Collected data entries

(* Let $(F,(a,b))$ be an edge-rooted graph such that $F$ is rigid and every two distinct vertices of $F$ have a triangle $K_3$ in their common neighbourhood. Then the set of homomorphisms from $F^{\mathrm{sym}}$ to itself is exactly $\{\mathrm{id},\sigma\}$, where $\sigma$ is an automorphism of $F^{\mathrm{sym}}$ with $\sigma(a)=b$ and $\sigma(b)=a$.
   Context: An edge-rooted graph is a pair $(F,(a,b))$ with $F$ a finite simple graph and $(a,b)$ an orientation of an edge of $F$. A graph is rigid if its only endomorphism is the identity. The symmetrization $F^{\mathrm{sym}}$ is obtained by taking two disjoint copies $F_1,F_2$ of $F$, with root vertices $a_1,b_1$ in $F_1$ and $a_2,b_2$ in $F_2$ (copies of $a,b$), and identifying $a_1$ with $b_2$ (call the resulting vertex $a$) and $b_1$ with $a_2$ (call it $b$); it is considered as edge-rooted graph $(F^{\mathrm{sym}},(a,b))$. *)

theory Defs
  imports Main
begin

definition simple_graph :: "'a set \<Rightarrow> ('a \<Rightarrow> 'a \<Rightarrow> bool) \<Rightarrow> bool" where
  "simple_graph V E \<longleftrightarrow> finite V \<and> (\<forall>x y. E x y \<longrightarrow> x \<in> V \<and> y \<in> V)
     \<and> (\<forall>x y. E x y \<longrightarrow> E y x) \<and> (\<forall>x. \<not> E x x)"

definition graph_hom :: "'a set \<Rightarrow> ('a \<Rightarrow> 'a \<Rightarrow> bool) \<Rightarrow> 'b set \<Rightarrow> ('b \<Rightarrow> 'b \<Rightarrow> bool) \<Rightarrow> ('a \<Rightarrow> 'b) \<Rightarrow> bool" where
  "graph_hom V E V' E' f \<longleftrightarrow> (\<forall>x\<in>V. f x \<in> V') \<and>
     (\<forall>x\<in>V. \<forall>y\<in>V. E x y \<longrightarrow> E' (f x) (f y))"

definition graph_aut :: "'a set \<Rightarrow> ('a \<Rightarrow> 'a \<Rightarrow> bool) \<Rightarrow> ('a \<Rightarrow> 'a) \<Rightarrow> bool" where
  "graph_aut V E f \<longleftrightarrow> bij_betw f V V \<and> (\<forall>x\<in>V. \<forall>y\<in>V. E x y \<longleftrightarrow> E (f x) (f y))"

definition rigid :: "'a set \<Rightarrow> ('a \<Rightarrow> 'a \<Rightarrow> bool) \<Rightarrow> bool" where
  "rigid V E \<longleftrightarrow> (\<forall>f. graph_hom V E V E f \<longrightarrow> (\<forall>x\<in>V. f x = x))"

text \<open>Symmetrization. Copy 1 is tagged True, copy 2 is tagged False. The vertex (v,i)
  is mapped to a canonical representative: a_2 is identified with b_1 = (b,True) and
  b_2 with a_1 = (a,True).\<close>
fun sym_canon :: "'a \<Rightarrow> 'a \<Rightarrow> 'a \<times> bool \<Rightarrow> 'a \<times> bool" where
  "sym_canon a b (v, True) = (v, True)"
| "sym_canon a b (v, False) = (if v = a then (b, True) else if v = b then (a, True) else (v, False))"

definition sym_verts :: "'a set \<Rightarrow> 'a \<Rightarrow> 'a \<Rightarrow> ('a \<times> bool) set" where
  "sym_verts V a b = sym_canon a b ` (V \<times> UNIV)"

definition sym_edges :: "('a \<Rightarrow> 'a \<Rightarrow> bool) \<Rightarrow> 'a \<Rightarrow> 'a \<Rightarrow> 'a \<times> bool \<Rightarrow> 'a \<times> bool \<Rightarrow> bool" where
  "sym_edges E a b x y \<longleftrightarrow> (\<exists>u v i. E u v \<and> x = sym_canon a b (u, i) \<and> y = sym_canon a b (v, i))"

end

theory Submission
  imports Defs
begin

text \<open>Each copy of F sits in the symmetrization as an induced subgraph, and a vertex
  other than the two shared roots has all its neighbours in its own copy. An endomorphism maps a
  triangle to three distinct vertices, at least one of which is not a root; so the common triangle
  of two vertices u, v of one copy forces the images of u and v into a common copy. Hence each copy
  is mapped into a single copy, and rigidity of F makes the map there the canonical one. Since the
  roots are shared with the roles of a and b exchanged, the two copies go to different copies,
  which leaves exactly the identity and the swap of the copies.\<close>

definition triangles_in_common_nbhd :: "'a set \<Rightarrow> ('a \<Rightarrow> 'a \<Rightarrow> bool) \<Rightarrow> bool" where
  "triangles_in_common_nbhd V E \<longleftrightarrow> (\<forall>u\<in>V. \<forall>v\<in>V. u \<noteq> v \<longrightarrow>
     (\<exists>x y z. E u x \<and> E v x \<and> E u y \<and> E v y \<and> E u z \<and> E v z \<and> E x y \<and> E y z \<and> E x z))"

lemma graph_hom_cong:
  "graph_hom V E V' E' g \<Longrightarrow> \<forall>x\<in>V. f x = g x \<Longrightarrow> graph_hom V E V' E' f"
  unfolding graph_hom_def by simp

lemma graph_aut_imp_hom: "graph_aut V E f \<Longrightarrow> graph_hom V E V E f"
  unfolding graph_aut_def graph_hom_def by (auto dest: bij_betwE)

lemma sym_canon_inj_iff: "a \<noteq> b \<Longrightarrow> sym_canon a b (u, i) = sym_canon a b (v, i) \<longleftrightarrow> u = v"
  by (cases i) auto

lemma inj_on_sym_canon: "a \<noteq> b \<Longrightarrow> inj_on (\<lambda>u. sym_canon a b (u, i)) V"
  by (simp add: inj_on_def sym_canon_inj_iff)

lemma sym_canon_cross_iff:
  "a \<noteq> b \<Longrightarrow> sym_canon a b (p, True) = sym_canon a b (q, False) \<longleftrightarrow>
     (p = b \<and> q = a) \<or> (p = a \<and> q = b)"
  by auto

locale edge_rooted_graph =
  fixes V :: "'a set" and E :: "'a \<Rightarrow> 'a \<Rightarrow> bool" and a b :: 'a
  assumes simple: "simple_graph V E" and root_edge: "E a b"
begin

abbreviation sym_V :: "('a \<times> bool) set" where "sym_V \<equiv> sym_verts V a b"
abbreviation sym_E :: "'a \<times> bool \<Rightarrow> 'a \<times> bool \<Rightarrow> bool" where "sym_E \<equiv> sym_edges E a b"

lemma edge_sym: "E x y \<Longrightarrow> E y x"
  using simple unfolding simple_graph_def by blast

lemma edge_irrefl: "\<not> E x x"
  using simple unfolding simple_graph_def by blast

lemma edge_in_V: "E x y \<Longrightarrow> x \<in> V \<and> y \<in> V"
  using simple unfolding simple_graph_def by blast

lemma roots_distinct: "a \<noteq> b"
  using root_edge edge_irrefl by metis

definition copy :: "bool \<Rightarrow> ('a \<times> bool) set" where
  "copy i = (\<lambda>u. sym_canon a b (u, i)) ` V"

lemma sym_V_eq_copies: "sym_V = copy True \<union> copy False"
proof -
  have "V \<times> UNIV = (\<lambda>u. (u, True)) ` V \<union> (\<lambda>u. (u, False)) ` V"
    by (auto simp: image_iff)
  then show ?thesis
    unfolding sym_verts_def copy_def by (simp only: image_Un image_image)
qed

lemma sym_V_elim:
  assumes "x \<in> sym_V" obtains u i where "u \<in> V" "x = sym_canon a b (u, i)"
  using assms unfolding sym_verts_def by auto

lemma sym_canon_in_sym_V: "u \<in> V \<Longrightarrow> sym_canon a b (u, i) \<in> sym_V"
  unfolding sym_verts_def by blast

lemma sym_E_copy_iff: "sym_E (sym_canon a b (p, j)) (sym_canon a b (q, j)) \<longleftrightarrow> E p q"
proof
  assume "sym_E (sym_canon a b (p, j)) (sym_canon a b (q, j))"
  then obtain u v k where e: "E u v" and p: "sym_canon a b (p, j) = sym_canon a b (u, k)"
    and q: "sym_canon a b (q, j) = sym_canon a b (v, k)"
    unfolding sym_edges_def by blast
  show "E p q"
  proof (cases "k = j")
    case True
    then show ?thesis using p q e sym_canon_inj_iff[OF roots_distinct] by simp
  next
    case False
    \<comment> \<open>then both p and q are roots, and the edge is the root edge in one of its orientations\<close>
    then have "(p = b \<and> u = a \<or> p = a \<and> u = b) \<and> (q = b \<and> v = a \<or> q = a \<and> v = b)"
      using p q sym_canon_cross_iff[OF roots_distinct] by (cases j; cases k) metis+
    then show ?thesis using e edge_irrefl edge_sym root_edge by blast
  qed
qed (auto simp: sym_edges_def)

lemma sym_E_irrefl: "\<not> sym_E x x"
  unfolding sym_edges_def using sym_canon_inj_iff[OF roots_distinct] edge_irrefl by metis

lemma sym_E_nonroot_same_copy:
  assumes "sym_E P X" "X \<noteq> (a, True)" "X \<noteq> (b, True)"
  shows "P \<in> copy (snd X)"
proof -
  obtain u v k where e: "E u v" and "P = sym_canon a b (u, k)" and X: "X = sym_canon a b (v, k)"
    using assms(1) unfolding sym_edges_def by blast
  moreover have "snd X = k" using X assms(2,3) by (cases k) (auto split: if_splits)
  ultimately show ?thesis using edge_in_V[OF e] unfolding copy_def by (auto intro: rev_image_eqI)
qed

definition swap :: "'a \<times> bool \<Rightarrow> 'a \<times> bool" where
  "swap p = sym_canon a b (fst p, \<not> snd p)"

lemma swap_sym_canon: "swap (sym_canon a b (u, i)) = sym_canon a b (u, \<not> i)"
  using roots_distinct unfolding swap_def by (cases i) auto

lemma swap_roots: "swap (a, True) = (b, True)" "swap (b, True) = (a, True)"
  using swap_sym_canon[of a True] swap_sym_canon[of b True] roots_distinct by auto

lemma swap_in_sym_V: "x \<in> sym_V \<Longrightarrow> swap x \<in> sym_V"
  unfolding sym_verts_def using swap_sym_canon by auto

lemma swap_swap: "x \<in> sym_V \<Longrightarrow> swap (swap x) = x"
  unfolding sym_verts_def using swap_sym_canon by auto

lemma sym_E_swap: "sym_E x y \<Longrightarrow> sym_E (swap x) (swap y)"
  unfolding sym_edges_def using swap_sym_canon by metis

lemma swap_aut: "graph_aut sym_V sym_E swap"
  unfolding graph_aut_def
proof (intro conjI ballI)
  show "bij_betw swap sym_V sym_V"
    by (rule bij_betw_byWitness[where f' = swap]) (auto simp: swap_swap swap_in_sym_V)
  fix x y assume "x \<in> sym_V" "y \<in> sym_V"
  then show "sym_E x y \<longleftrightarrow> sym_E (swap x) (swap y)"
    using sym_E_swap swap_swap by metis
qed

lemma hom_sym_E_copy:
  assumes "graph_hom sym_V sym_E sym_V sym_E f" "E p q"
  shows "sym_E (f (sym_canon a b (p, i))) (f (sym_canon a b (q, i)))"
  using assms sym_E_copy_iff sym_canon_in_sym_V edge_in_V unfolding graph_hom_def by blast

lemma hom_pair_same_copy:
  assumes hom: "graph_hom sym_V sym_E sym_V sym_E f" and tri: "triangles_in_common_nbhd V E"
    and uv: "u \<in> V" "v \<in> V" "u \<noteq> v"
  shows "\<exists>j. f (sym_canon a b (u, i)) \<in> copy j \<and> f (sym_canon a b (v, i)) \<in> copy j"
proof -
  define c where "c w = f (sym_canon a b (w, i))" for w
  obtain x y z where t: "E u x" "E v x" "E u y" "E v y" "E u z" "E v z" "E x y" "E y z" "E x z"
    using tri uv unfolding triangles_in_common_nbhd_def by meson
  have ce: "E p q \<Longrightarrow> sym_E (c p) (c q)" for p q
    unfolding c_def by (rule hom_sym_E_copy[OF hom])
  have "c x \<noteq> c y" "c y \<noteq> c z" "c x \<noteq> c z"
    using ce t(7-9) sym_E_irrefl by metis+
  then obtain X where X: "X \<in> {c x, c y, c z}" "X \<noteq> (a, True)" "X \<noteq> (b, True)"
    by (metis insertCI)
  have "sym_E (c u) X" "sym_E (c v) X"
    using X(1) ce t(1-6) by auto
  then show ?thesis
    using sym_E_nonroot_same_copy X(2,3) unfolding c_def by blast
qed

lemma hom_image_copy:
  assumes hom: "graph_hom sym_V sym_E sym_V sym_E f" and tri: "triangles_in_common_nbhd V E"
  shows "\<exists>j. f ` copy i \<subseteq> copy j"
proof (rule ccontr)
  assume "\<not> ?thesis"
  then obtain u1 u2 where u: "u1 \<in> V" "u2 \<in> V"
    and u1: "f (sym_canon a b (u1, i)) \<notin> copy True"
    and u2: "f (sym_canon a b (u2, i)) \<notin> copy False"
    unfolding copy_def by blast
  have "f (sym_canon a b (u1, i)) \<in> copy True \<union> copy False"
    using hom u(1) sym_canon_in_sym_V sym_V_eq_copies unfolding graph_hom_def by blast
  then have "u1 \<noteq> u2" using u1 u2 by auto
  then show False
    using hom_pair_same_copy[OF hom tri u] u1 u2 by (metis (full_types))
qed

lemma hom_on_copy:
  assumes hom: "graph_hom sym_V sym_E sym_V sym_E f" and rig: "rigid V E"
    and img: "f ` copy i \<subseteq> copy j"
  shows "\<forall>u\<in>V. f (sym_canon a b (u, i)) = sym_canon a b (u, j)"
proof -
  let ?c = "\<lambda>k u. sym_canon a b (u, k)"
  define g where "g = the_inv_into V (?c j) \<circ> f \<circ> ?c i"
  have inj: "inj_on (?c j) V" by (rule inj_on_sym_canon[OF roots_distinct])
  have fc: "f (?c i u) \<in> ?c j ` V" if "u \<in> V" for u
    using img that unfolding copy_def by blast
  have g: "g u \<in> V" "?c j (g u) = f (?c i u)" if "u \<in> V" for u
    using fc[OF that] inj the_inv_into_into[OF inj] f_the_inv_into_f[OF inj]
    unfolding g_def by auto
  have "graph_hom V E V E g"
    unfolding graph_hom_def
  proof (intro conjI ballI impI)
    fix x y assume "x \<in> V" "y \<in> V" "E x y"
    then have "sym_E (?c j (g x)) (?c j (g y))"
      using g hom_sym_E_copy[OF hom] by simp
    then show "E (g x) (g y)" using sym_E_copy_iff by blast
  qed (use g in blast)
  then show ?thesis using rig g(2) unfolding rigid_def by metis
qed

lemma sym_endo_id_or_swap:
  assumes hom: "graph_hom sym_V sym_E sym_V sym_E f"
    and tri: "triangles_in_common_nbhd V E" and rig: "rigid V E"
  shows "(\<forall>x\<in>sym_V. f x = x) \<or> (\<forall>x\<in>sym_V. f x = swap x)"
proof -
  obtain j where j: "\<forall>u\<in>V. f (sym_canon a b (u, i)) = sym_canon a b (u, j i)" for i
    using hom_on_copy[OF hom rig] hom_image_copy[OF hom tri] by metis
  have "a \<in> V" "b \<in> V" using edge_in_V root_edge by auto
  \<comment> \<open>the root a of the first copy is the root b of the second\<close>
  then have "sym_canon a b (a, j True) = sym_canon a b (b, j False)"
    using j[of True] j[of False] by (metis roots_distinct sym_canon.simps)
  then have "j False = (\<not> j True)"
    using sym_canon_inj_iff[OF roots_distinct] roots_distinct by (metis (full_types))
  then have f: "\<forall>u\<in>V. f (sym_canon a b (u, k)) = sym_canon a b (u, k = j True)" for k
    using j by (cases k) (simp_all del: sym_canon.simps)
  show ?thesis
  proof (cases "j True")
    case True
    have "f x = x" if "x \<in> sym_V" for x
      using that f True by (elim sym_V_elim) (simp del: sym_canon.simps)
    then show ?thesis by blast
  next
    case False
    have "f x = swap x" if "x \<in> sym_V" for x
      using that f False swap_sym_canon by (elim sym_V_elim) (simp del: sym_canon.simps)
    then show ?thesis by blast
  qed
qed

end

theorem mainTheorem11:
  fixes V :: "'a set" and E :: "'a \<Rightarrow> 'a \<Rightarrow> bool" and a b :: 'a
  assumes "simple_graph V E"
    and "E a b"
    and "rigid V E"
    and "\<forall>u\<in>V. \<forall>v\<in>V. u \<noteq> v \<longrightarrow>
           (\<exists>x y z. E u x \<and> E v x \<and> E u y \<and> E v y \<and> E u z \<and> E v z
                 \<and> E x y \<and> E y z \<and> E x z)"
  shows "\<exists>\<sigma>. graph_aut (sym_verts V a b) (sym_edges E a b) \<sigma>
            \<and> \<sigma> (a, True) = (b, True) \<and> \<sigma> (b, True) = (a, True)
            \<and> (\<forall>f. graph_hom (sym_verts V a b) (sym_edges E a b) (sym_verts V a b) (sym_edges E a b) f
                   \<longleftrightarrow> ((\<forall>x\<in>sym_verts V a b. f x = x) \<or> (\<forall>x\<in>sym_verts V a b. f x = \<sigma> x)))"
proof -
  interpret edge_rooted_graph V E a b
    using assms(1,2) by unfold_locales
  have tri: "triangles_in_common_nbhd V E"
    using assms(4) unfolding triangles_in_common_nbhd_def .
  have id_hom: "graph_hom sym_V sym_E sym_V sym_E id"
    unfolding graph_hom_def by simp
  have "graph_hom sym_V sym_E sym_V sym_E f \<longleftrightarrow>
      (\<forall>x\<in>sym_V. f x = x) \<or> (\<forall>x\<in>sym_V. f x = swap x)" for f
  proof
    assume "graph_hom sym_V sym_E sym_V sym_E f"
    then show "(\<forall>x\<in>sym_V. f x = x) \<or> (\<forall>x\<in>sym_V. f x = swap x)"
      using sym_endo_id_or_swap tri assms(3) by blast
  next
    assume "(\<forall>x\<in>sym_V. f x = x) \<or> (\<forall>x\<in>sym_V. f x = swap x)"
    then show "graph_hom sym_V sym_E sym_V sym_E f"
      using graph_hom_cong[OF id_hom] graph_hom_cong[OF graph_aut_imp_hom[OF swap_aut]]
      by (metis id_apply)
  qed
  then show ?thesis
    using swap_aut swap_roots by blast
qed

end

- WHAT YOU ARE ASKED TO DO -
Read the lines above. Gather those in which the string "define" is found.

- ANSWER BELOW -
  define c where "c w = f (sym_canon a b (w, i))" for w
  define g where "g = the_inv_into V (?c j) \<circ> f \<circ> ?c i"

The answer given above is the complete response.